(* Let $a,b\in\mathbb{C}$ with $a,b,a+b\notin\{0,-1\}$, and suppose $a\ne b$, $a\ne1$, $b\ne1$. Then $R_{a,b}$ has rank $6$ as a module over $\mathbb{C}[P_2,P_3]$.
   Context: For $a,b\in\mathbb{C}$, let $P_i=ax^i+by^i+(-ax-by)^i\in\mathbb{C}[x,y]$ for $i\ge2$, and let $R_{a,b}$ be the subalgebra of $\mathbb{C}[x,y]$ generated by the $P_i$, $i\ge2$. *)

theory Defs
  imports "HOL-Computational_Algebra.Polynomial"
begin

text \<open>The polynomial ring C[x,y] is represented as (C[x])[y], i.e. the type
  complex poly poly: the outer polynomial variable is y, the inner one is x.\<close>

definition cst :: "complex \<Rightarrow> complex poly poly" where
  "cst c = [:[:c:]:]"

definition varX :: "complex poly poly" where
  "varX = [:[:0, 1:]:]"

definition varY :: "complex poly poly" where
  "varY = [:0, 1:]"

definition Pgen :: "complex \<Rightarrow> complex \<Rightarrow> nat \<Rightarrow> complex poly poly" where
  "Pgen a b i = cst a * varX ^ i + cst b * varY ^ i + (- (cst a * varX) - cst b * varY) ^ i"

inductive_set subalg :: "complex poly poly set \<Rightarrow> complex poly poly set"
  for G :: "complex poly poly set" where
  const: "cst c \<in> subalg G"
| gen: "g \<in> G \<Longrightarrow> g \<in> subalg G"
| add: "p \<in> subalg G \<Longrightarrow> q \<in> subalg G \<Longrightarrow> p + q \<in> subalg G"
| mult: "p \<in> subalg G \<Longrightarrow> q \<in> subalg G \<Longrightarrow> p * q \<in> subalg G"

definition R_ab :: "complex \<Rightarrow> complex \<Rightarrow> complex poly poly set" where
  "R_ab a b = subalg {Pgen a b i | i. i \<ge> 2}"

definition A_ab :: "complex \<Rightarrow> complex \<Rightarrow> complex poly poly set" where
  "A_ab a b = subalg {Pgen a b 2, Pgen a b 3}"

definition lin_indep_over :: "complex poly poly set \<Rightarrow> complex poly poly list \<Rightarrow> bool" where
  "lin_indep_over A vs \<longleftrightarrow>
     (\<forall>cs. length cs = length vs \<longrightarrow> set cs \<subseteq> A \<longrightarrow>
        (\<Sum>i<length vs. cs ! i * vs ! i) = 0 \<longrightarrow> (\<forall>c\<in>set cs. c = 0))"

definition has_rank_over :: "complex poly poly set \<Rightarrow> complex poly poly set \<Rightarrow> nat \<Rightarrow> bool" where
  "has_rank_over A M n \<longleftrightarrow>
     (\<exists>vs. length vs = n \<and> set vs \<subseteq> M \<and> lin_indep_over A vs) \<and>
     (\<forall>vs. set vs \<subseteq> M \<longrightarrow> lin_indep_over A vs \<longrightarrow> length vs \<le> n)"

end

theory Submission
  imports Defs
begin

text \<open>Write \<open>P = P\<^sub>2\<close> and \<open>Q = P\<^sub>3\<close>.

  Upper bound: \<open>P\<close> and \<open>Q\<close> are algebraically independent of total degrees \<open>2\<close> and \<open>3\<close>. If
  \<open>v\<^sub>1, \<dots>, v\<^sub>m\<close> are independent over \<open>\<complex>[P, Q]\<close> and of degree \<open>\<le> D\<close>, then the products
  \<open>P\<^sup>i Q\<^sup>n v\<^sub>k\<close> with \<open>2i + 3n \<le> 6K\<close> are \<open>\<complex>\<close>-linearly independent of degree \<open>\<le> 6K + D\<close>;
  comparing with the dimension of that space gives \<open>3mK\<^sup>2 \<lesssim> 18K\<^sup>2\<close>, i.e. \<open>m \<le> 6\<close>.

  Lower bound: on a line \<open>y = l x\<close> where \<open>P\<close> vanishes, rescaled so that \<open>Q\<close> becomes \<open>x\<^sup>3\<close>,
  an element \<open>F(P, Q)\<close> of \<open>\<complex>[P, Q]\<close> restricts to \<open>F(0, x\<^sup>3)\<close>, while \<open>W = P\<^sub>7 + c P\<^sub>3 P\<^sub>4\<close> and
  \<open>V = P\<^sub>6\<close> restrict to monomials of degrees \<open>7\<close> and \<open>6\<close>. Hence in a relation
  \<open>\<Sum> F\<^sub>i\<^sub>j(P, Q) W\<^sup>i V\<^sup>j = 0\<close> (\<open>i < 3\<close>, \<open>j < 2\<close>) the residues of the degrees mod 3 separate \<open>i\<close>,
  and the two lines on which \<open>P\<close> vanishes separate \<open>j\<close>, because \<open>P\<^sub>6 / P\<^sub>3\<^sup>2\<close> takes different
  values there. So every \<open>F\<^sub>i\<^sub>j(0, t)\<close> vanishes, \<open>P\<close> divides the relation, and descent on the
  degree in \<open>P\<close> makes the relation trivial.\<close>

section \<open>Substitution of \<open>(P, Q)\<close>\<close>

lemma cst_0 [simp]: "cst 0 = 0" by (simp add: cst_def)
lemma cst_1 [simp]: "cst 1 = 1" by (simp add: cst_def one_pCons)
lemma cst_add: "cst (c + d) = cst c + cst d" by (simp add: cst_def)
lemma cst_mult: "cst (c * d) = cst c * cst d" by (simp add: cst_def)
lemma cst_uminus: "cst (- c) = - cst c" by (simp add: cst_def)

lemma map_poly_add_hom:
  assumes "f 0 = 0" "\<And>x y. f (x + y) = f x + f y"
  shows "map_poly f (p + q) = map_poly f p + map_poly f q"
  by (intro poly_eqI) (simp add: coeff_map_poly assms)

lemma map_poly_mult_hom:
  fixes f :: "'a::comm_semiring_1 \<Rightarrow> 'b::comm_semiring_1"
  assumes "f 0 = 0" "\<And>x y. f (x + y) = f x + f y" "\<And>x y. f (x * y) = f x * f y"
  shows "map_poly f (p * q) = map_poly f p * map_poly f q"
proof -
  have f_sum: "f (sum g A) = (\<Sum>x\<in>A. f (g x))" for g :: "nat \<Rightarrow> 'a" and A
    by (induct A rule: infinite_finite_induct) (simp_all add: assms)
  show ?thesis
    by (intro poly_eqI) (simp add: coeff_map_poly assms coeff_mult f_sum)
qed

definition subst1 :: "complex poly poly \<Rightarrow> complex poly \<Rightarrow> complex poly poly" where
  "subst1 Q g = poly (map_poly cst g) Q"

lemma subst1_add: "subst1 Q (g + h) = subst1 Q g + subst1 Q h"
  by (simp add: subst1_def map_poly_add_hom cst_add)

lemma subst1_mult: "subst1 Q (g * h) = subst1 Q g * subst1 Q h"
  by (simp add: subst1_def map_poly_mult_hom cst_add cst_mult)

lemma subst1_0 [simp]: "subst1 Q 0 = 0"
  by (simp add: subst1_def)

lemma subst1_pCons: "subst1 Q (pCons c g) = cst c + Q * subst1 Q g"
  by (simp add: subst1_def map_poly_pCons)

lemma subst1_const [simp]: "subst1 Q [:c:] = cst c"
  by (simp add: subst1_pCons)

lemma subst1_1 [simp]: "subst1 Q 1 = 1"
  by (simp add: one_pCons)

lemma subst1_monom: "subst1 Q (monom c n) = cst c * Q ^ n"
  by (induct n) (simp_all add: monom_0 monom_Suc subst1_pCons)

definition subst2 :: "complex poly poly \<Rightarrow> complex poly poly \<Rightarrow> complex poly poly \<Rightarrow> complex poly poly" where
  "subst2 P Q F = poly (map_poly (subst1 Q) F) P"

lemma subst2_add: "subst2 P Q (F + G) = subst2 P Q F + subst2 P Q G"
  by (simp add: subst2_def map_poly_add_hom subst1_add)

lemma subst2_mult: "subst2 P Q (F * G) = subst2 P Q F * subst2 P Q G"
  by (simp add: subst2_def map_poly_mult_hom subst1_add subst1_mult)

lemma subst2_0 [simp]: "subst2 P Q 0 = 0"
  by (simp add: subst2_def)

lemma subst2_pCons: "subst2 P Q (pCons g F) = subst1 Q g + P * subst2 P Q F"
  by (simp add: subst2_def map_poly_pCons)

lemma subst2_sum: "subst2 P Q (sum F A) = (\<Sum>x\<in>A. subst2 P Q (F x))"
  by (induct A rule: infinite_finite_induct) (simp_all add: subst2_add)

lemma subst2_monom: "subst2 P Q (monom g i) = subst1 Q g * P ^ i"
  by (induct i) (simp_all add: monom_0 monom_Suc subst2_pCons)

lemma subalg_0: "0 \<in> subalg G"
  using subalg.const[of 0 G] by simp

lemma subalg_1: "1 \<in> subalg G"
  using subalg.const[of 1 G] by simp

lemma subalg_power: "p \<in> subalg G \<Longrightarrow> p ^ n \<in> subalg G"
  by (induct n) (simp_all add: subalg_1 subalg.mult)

-=-=-

--- TASK TO CARRY OUT ---
Answer with a number alone. It should equal the count of lines in the entries that hold "length".

--- EXERCISE ANSWER ---
4